Ver a la candidata del Partido Nacionalista de Andalucía (perdón, quería decir del PSOE andaluz) culpar a diestro y siniestro de su propia incapacidad para lograr la abstención de uno de los cinco grupos parlamentarios… resulta, cuanto menos, patético.
Para hacerse una idea de la firmeza de su discurso basta con viajar de las palabras llenas de promesas y carantoñas a todos los grupos de su primera intervención; al tono culpabilizador y sin autocrítica de esta semana.
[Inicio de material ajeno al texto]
lemma rho_nonneg_powser2:
  assumes zero_free: "\<And>z1 z2 z3. cmod z1 < 1 \<Longrightarrow> cmod z2 < 1 \<Longrightarrow> cmod z3 < 1 \<Longrightarrow> pev a m n z1 z2 z3 \<noteq> 0"
    and sing: "pev a m n 1 1 1 = 0" and not_line: "\<not> (\<forall>\<zeta>. cmod \<zeta> = 1 \<longrightarrow> pev a m n 1 1 \<zeta> = 0)"
  shows "\<exists>C r. nonneg_powser2 C r \<and> (\<forall>x y. \<bar>x\<bar> \<le> r \<longrightarrow> \<bar>y\<bar> \<le> r \<longrightarrow>
      p1ev a m n (cis x) (cis y) \<noteq> 0 \<and> rho a m n x y = powser2_sum C x y)"
proof -
  have p11: "p1ev a m n 1 1 \<noteq> 0" using sing not_line by (rule p1ev_1_1_neq_0)
  obtain r C where r: "0 < r" and C: "powser2_conv C r" and rho_C:
    "\<And>x y. \<bar>x\<bar> \<le> r \<Longrightarrow> \<bar>y\<bar> \<le> r \<Longrightarrow> p1ev a m n (cis x) (cis y) \<noteq> 0 \<and> rho a m n x y = powser2_sum C x y"
    by (rule rho_powser2[OF p11]) (rule that)
  have "nonneg_powser2 C r"
  proof
    show "0 \<le> powser2_sum C x y" if "\<bar>x\<bar> < r" "\<bar>y\<bar> < r" for x y
      using rho_nonneg[OF zero_free, of x y] rho_C[of x y] that by simp
    show "powser2_sum C 0 0 = 0"
      using rho_0_0[OF sing p11] rho_C[of 0 0] r by simp
  qed (use C r in auto)
  with rho_C show ?thesis by blast
qed

lemma torus_zero_isolated:
  assumes r: "0 < r"
    and rho_f: "\<And>x y. \<bar>x\<bar> \<le> r \<Longrightarrow> \<bar>y\<bar> \<le> r \<Longrightarrow> p1ev a m n (cis x) (cis y) \<noteq> 0 \<and> rho a m n x y = f x y"
    and iso: "\<exists>\<delta>>0. \<forall>x y. \<bar>x\<bar> < \<delta> \<longrightarrow> \<bar>y\<bar> < \<delta> \<longrightarrow> f x y = 0 \<longrightarrow> x = 0 \<and> y = 0"
    and sing: "pev a m n 1 1 1 = 0"
  shows "\<exists>\<epsilon>>0. \<forall>z1 z2 z3. cmod z1 = 1 \<and> cmod z2 = 1 \<and> cmod z3 = 1 \<and> pev a m n z1 z2 z3 = 0
    \<and> cmod (z1 - 1) < \<epsilon> \<and> cmod (z2 - 1) < \<epsilon> \<and> cmod (z3 - 1) < \<epsilon> \<longrightarrow> z1 = 1 \<and> z2 = 1 \<and> z3 = 1"
proof -
  obtain \<delta> where "0 < \<delta>" "\<delta> \<le> r"
    and rho_zero: "\<And>x y. \<bar>x\<bar> < \<delta> \<Longrightarrow> \<bar>y\<bar> < \<delta> \<Longrightarrow> rho a m n x y = 0 \<Longrightarrow> x = 0 \<and> y = 0"
    and p1: "\<And>x y. \<bar>x\<bar> < \<delta> \<Longrightarrow> \<bar>y\<bar> < \<delta> \<Longrightarrow> p1ev a m n (cis x) (cis y) \<noteq> 0"
  proof -
    from iso obtain \<delta> where "0 < \<delta>"
      and "\<And>x y. \<bar>x\<bar> < \<delta> \<Longrightarrow> \<bar>y\<bar> < \<delta> \<Longrightarrow> f x y = 0 \<Longrightarrow> x = 0 \<and> y = 0" by blast
    with r rho_f show ?thesis by (intro that[of "min \<delta> r"]) auto
  qed
  have "continuous (at 1) Arg" by (rule continuous_at_Arg) (simp add: nonpos_Reals_def)
  then obtain \<epsilon> where "0 < \<epsilon>" and Arg_small: "\<And>z. dist z 1 < \<epsilon> \<Longrightarrow> \<bar>Arg z\<bar> < \<delta>"
    using \<open>0 < \<delta>\<close> unfolding continuous_at_eps_delta by (fastforce simp: dist_real_def)
  have "z1 = 1 \<and> z2 = 1 \<and> z3 = 1"
    if z: "cmod z1 = 1" "cmod z2 = 1" "cmod z3 = 1" and zero: "pev a m n z1 z2 z3 = 0"
      and near: "cmod (z1 - 1) < \<epsilon>" "cmod (z2 - 1) < \<epsilon>" for z1 z2 z3
  proof -
    define t1 t2 where "t1 = Arg z1" and "t2 = Arg z2"
    have t: "\<bar>t1\<bar> < \<delta>" "\<bar>t2\<bar> < \<delta>"
      using Arg_small near by (auto simp: t1_def t2_def dist_norm)
    have "z1 \<noteq> 0" "z2 \<noteq> 0" using z(1,2) by auto
    then have cis: "cis t1 = z1" "cis t2 = z2"
      using z(1,2) by (simp_all add: t1_def t2_def cis_Arg sgn_eq)
    have "p1ev a m n z1 z2 = - z3 * p2ev a m n z1 z2"
      using zero by (simp add: pev_eq_p1ev_p2ev add_eq_0_iff)
    then have "cmod (p1ev a m n z1 z2) = cmod (p2ev a m n z1 z2)"
      using z(3) by (simp add: norm_mult)
    then have "rho a m n t1 t2 = 0"
      using p1[OF t] by (auto simp: rho_eq cis)
    then have z12: "z1 = 1" "z2 = 1" using rho_zero[OF t] cis by auto
    have "p2ev a m n 1 1 = - p1ev a m n 1 1"
      using sing by (simp add: pev_eq_p1ev_p2ev add_eq_0_iff)
    then have "p1ev a m n 1 1 * (1 - z3) = 0"
      using zero by (simp add: z12 pev_eq_p1ev_p2ev algebra_simps)
    moreover have "p1ev a m n 1 1 \<noteq> 0" using p1[of 0 0] \<open>0 < \<delta>\<close> by simp
    ultimately show ?thesis using z12 by simp
  qed
  with \<open>0 < \<epsilon>\<close> show ?thesis by blast
qed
Del acuerdo con Ciudadanos sobre un decálogo anticorrupción a considerar éste papel mojado ante la exigencia de los primeros de firmar para su obligado cumplimiento.
Como sospechábamos, ni Susana Díaz, ni Rajoy, ni Pedro Sánchez, se han enterado de que los tiempos han cambiado. Y parece que esos nuevos aires han venido para quedarse. Que no va a bastar ya con pactar notas de prensa sino que habrá que hacerlo sobre acuerdos concretos en programas o en apoyos.
No se han enterado. Y lo peor, lo más triste de todo, no es que no se hayan enterado de lo que les está diciendo el CIS, los sondeos preelectorales y hasta sus seres más queridos. Sino que no quieren enterarse, quizás porque no saben más. Eso es realmente lo más duro para los que por razones de edad, como yo, o de sentido común (espero que también) amamos y deseamos la estabilidad de verdad.
Había un chiste que decía que un alcalde, dirigiéndose a sus conciudadanos, les espetaba: «O yo o el caos». A lo que los reunidos, hartos ya de su mandatario, gritaban casi al unísono: «El caos, el caos». El alcalde, dispuesto a salirse con la suya a cualquier precio, les respondía: «Pues os jorobáis que el caos también soy yo».
En la España del 2015, al parecer los ciudadanos han decidido probar varias formas de caos posibles. Pero ellos no tienen la culpa.